How to complete this task
Please copy, exactly as they appear below, the lines from the one containing "define col where" through the one containing "1 = of_bool".

Data under study
● ● ● ●

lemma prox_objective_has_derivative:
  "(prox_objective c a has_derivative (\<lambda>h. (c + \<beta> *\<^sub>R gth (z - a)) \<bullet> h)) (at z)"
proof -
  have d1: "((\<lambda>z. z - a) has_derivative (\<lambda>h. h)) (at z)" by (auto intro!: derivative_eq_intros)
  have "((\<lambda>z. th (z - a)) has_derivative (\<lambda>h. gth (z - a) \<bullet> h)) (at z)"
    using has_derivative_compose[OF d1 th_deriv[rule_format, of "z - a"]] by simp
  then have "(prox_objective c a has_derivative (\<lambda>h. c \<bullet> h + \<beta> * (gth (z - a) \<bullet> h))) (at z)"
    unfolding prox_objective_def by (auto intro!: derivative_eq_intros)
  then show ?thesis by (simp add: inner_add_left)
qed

● ● ● ●

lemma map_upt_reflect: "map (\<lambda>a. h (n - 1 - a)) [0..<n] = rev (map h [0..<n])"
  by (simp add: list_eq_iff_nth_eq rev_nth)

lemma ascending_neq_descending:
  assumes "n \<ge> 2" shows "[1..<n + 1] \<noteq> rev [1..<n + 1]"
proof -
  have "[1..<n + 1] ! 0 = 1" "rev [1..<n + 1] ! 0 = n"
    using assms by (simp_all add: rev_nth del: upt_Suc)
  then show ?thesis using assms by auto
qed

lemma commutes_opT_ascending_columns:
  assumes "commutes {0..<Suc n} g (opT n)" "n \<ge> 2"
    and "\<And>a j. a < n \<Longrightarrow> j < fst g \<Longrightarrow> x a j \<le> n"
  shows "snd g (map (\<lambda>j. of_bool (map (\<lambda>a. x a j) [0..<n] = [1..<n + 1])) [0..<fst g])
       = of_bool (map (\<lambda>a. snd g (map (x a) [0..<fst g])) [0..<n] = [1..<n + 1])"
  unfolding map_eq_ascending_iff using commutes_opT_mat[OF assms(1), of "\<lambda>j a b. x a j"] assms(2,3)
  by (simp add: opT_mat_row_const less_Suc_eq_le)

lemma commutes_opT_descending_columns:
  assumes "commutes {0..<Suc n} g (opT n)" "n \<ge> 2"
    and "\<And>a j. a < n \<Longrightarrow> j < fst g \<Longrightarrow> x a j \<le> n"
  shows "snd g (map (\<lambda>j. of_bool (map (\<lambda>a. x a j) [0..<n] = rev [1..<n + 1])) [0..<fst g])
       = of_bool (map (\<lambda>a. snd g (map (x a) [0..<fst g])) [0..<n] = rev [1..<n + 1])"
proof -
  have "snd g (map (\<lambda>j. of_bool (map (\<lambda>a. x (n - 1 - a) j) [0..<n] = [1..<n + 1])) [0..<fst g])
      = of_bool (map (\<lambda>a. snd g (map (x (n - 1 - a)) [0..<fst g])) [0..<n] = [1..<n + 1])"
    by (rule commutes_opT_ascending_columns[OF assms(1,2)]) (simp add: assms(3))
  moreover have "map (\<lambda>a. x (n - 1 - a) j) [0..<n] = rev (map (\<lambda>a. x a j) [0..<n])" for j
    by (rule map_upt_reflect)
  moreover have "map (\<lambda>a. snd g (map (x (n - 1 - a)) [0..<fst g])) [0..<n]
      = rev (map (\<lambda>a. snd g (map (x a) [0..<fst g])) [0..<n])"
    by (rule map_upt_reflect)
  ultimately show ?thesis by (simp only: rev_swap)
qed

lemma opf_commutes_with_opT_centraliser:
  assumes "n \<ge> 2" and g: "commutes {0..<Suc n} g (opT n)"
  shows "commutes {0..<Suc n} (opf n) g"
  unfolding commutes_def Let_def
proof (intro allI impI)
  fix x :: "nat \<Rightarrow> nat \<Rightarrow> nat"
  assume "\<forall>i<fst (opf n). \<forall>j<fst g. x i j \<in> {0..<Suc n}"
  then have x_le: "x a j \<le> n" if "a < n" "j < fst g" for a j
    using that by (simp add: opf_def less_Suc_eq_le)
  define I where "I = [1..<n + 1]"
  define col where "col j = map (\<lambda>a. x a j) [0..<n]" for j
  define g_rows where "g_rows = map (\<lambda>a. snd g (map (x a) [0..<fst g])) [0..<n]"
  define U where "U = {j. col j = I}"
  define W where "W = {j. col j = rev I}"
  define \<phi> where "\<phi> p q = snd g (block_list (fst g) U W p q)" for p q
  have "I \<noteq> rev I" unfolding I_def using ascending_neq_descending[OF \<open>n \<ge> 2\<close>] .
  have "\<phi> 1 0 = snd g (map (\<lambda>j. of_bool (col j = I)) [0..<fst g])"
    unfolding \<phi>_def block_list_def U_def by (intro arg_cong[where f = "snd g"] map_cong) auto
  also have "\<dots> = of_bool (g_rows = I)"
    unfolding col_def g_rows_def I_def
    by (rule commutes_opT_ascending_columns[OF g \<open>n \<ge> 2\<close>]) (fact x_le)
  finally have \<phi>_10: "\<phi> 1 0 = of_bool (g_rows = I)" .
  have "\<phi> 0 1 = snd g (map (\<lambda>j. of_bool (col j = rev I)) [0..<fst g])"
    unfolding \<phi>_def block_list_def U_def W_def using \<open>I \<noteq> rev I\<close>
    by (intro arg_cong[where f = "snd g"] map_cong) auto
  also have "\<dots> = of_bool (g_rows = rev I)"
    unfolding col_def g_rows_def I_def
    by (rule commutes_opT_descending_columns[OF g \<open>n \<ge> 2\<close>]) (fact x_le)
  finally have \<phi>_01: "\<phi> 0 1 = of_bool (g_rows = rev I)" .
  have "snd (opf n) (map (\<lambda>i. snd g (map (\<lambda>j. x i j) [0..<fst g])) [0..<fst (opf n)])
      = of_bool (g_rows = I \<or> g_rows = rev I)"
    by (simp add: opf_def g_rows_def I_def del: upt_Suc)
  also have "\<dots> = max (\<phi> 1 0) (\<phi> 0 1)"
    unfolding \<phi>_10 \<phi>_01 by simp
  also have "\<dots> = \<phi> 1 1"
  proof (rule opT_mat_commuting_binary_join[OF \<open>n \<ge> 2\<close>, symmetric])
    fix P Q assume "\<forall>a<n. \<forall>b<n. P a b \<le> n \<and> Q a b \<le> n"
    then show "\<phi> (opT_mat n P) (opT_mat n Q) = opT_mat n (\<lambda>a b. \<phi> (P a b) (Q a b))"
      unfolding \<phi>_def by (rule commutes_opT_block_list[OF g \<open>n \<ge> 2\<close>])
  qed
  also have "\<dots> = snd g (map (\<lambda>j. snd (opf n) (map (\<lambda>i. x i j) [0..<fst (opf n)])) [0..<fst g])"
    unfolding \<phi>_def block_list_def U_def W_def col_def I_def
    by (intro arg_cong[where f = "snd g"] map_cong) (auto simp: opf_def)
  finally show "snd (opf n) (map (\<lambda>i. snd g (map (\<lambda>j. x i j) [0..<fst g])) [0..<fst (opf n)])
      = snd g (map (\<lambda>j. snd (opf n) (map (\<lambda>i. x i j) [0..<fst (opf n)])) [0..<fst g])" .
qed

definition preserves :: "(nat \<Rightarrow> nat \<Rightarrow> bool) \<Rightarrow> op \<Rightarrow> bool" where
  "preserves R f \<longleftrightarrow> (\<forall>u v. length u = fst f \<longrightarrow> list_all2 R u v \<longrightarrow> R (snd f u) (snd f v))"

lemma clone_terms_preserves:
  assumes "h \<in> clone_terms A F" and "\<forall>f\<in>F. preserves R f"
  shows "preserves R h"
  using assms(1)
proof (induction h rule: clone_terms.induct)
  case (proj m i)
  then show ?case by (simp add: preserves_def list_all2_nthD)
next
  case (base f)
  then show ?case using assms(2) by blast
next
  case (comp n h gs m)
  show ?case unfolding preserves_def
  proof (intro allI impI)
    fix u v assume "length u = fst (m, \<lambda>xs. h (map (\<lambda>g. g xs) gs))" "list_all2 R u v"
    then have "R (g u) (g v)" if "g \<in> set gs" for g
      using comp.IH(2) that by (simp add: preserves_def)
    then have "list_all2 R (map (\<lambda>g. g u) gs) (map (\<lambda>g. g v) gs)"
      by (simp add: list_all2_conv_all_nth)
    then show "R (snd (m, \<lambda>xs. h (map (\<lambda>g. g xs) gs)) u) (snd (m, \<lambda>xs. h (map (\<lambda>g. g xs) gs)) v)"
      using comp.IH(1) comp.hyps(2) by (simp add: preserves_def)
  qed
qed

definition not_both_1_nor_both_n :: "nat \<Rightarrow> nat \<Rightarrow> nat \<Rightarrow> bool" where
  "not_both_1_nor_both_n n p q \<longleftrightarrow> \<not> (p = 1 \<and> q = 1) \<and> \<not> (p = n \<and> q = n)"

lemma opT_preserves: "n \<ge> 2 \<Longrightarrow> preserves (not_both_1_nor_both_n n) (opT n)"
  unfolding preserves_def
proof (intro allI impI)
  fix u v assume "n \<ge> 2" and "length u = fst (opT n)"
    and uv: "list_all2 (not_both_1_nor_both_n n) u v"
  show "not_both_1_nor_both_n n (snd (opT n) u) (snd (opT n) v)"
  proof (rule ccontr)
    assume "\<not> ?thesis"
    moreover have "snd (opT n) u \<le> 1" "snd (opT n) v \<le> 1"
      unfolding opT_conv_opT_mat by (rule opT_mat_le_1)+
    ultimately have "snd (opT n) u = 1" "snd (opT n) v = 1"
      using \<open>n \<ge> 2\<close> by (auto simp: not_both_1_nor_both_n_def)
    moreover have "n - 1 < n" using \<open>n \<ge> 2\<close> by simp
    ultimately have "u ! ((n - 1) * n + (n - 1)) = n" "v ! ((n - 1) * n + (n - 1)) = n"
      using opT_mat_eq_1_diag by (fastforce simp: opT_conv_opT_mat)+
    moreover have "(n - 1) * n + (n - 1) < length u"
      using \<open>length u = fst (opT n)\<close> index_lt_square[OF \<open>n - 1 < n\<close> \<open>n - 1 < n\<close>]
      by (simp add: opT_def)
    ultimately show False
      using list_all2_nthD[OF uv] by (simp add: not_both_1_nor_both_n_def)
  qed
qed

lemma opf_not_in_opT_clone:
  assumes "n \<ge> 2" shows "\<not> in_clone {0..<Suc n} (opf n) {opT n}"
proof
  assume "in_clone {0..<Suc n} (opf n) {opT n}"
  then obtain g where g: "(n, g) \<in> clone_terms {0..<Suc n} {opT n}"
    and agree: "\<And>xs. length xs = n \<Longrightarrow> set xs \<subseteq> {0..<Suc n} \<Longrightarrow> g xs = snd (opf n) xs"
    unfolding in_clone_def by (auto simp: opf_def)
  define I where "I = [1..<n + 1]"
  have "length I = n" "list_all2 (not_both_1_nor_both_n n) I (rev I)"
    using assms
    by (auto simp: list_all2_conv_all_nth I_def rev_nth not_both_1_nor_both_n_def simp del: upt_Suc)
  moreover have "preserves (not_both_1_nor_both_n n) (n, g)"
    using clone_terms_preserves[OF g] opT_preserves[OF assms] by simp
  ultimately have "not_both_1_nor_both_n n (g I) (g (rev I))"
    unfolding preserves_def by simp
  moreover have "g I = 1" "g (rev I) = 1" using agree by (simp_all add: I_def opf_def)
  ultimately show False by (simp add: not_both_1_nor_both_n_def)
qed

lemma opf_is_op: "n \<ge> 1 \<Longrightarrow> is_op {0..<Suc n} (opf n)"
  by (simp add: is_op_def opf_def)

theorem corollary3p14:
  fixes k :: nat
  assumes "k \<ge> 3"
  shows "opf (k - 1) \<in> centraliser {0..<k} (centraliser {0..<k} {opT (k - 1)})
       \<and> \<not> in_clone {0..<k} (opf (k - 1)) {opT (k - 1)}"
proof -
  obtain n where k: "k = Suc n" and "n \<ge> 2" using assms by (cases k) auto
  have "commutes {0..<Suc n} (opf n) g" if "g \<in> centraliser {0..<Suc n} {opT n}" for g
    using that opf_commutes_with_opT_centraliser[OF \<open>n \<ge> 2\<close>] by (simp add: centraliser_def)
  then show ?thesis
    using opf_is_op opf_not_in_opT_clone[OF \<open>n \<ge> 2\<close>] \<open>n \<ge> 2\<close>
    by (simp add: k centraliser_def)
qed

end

● ● ● ●

Task solution
  define col where "col j = map (\<lambda>a. x a j) [0..<n]" for j
  define g_rows where "g_rows = map (\<lambda>a. snd g (map (x a) [0..<fst g])) [0..<n]"
  define U where "U = {j. col j = I}"
  define W where "W = {j. col j = rev I}"
  define \<phi> where "\<phi> p q = snd g (block_list (fst g) U W p q)" for p q
  have "I \<noteq> rev I" unfolding I_def using ascending_neq_descending[OF \<open>n \<ge> 2\<close>] .
  have "\<phi> 1 0 = snd g (map (\<lambda>j. of_bool (col j = I)) [0..<fst g])"
    unfolding \<phi>_def block_list_def U_def by (intro arg_cong[where f = "snd g"] map_cong) auto
  also have "\<dots> = of_bool (g_rows = I)"
    unfolding col_def g_rows_def I_def
    by (rule commutes_opT_ascending_columns[OF g \<open>n \<ge> 2\<close>]) (fact x_le)
  finally have \<phi>_10: "\<phi> 1 0 = of_bool (g_rows = I)" .
  have "\<phi> 0 1 = snd g (map (\<lambda>j. of_bool (col j = rev I)) [0..<fst g])"
    unfolding \<phi>_def block_list_def U_def W_def using \<open>I \<noteq> rev I\<close>
    by (intro arg_cong[where f = "snd g"] map_cong) auto
  also have "\<dots> = of_bool (g_rows = rev I)"
    unfolding col_def g_rows_def I_def
    by (rule commutes_opT_descending_columns[OF g \<open>n \<ge> 2\<close>]) (fact x_le)
  finally have \<phi>_01: "\<phi> 0 1 = of_bool (g_rows = rev I)" .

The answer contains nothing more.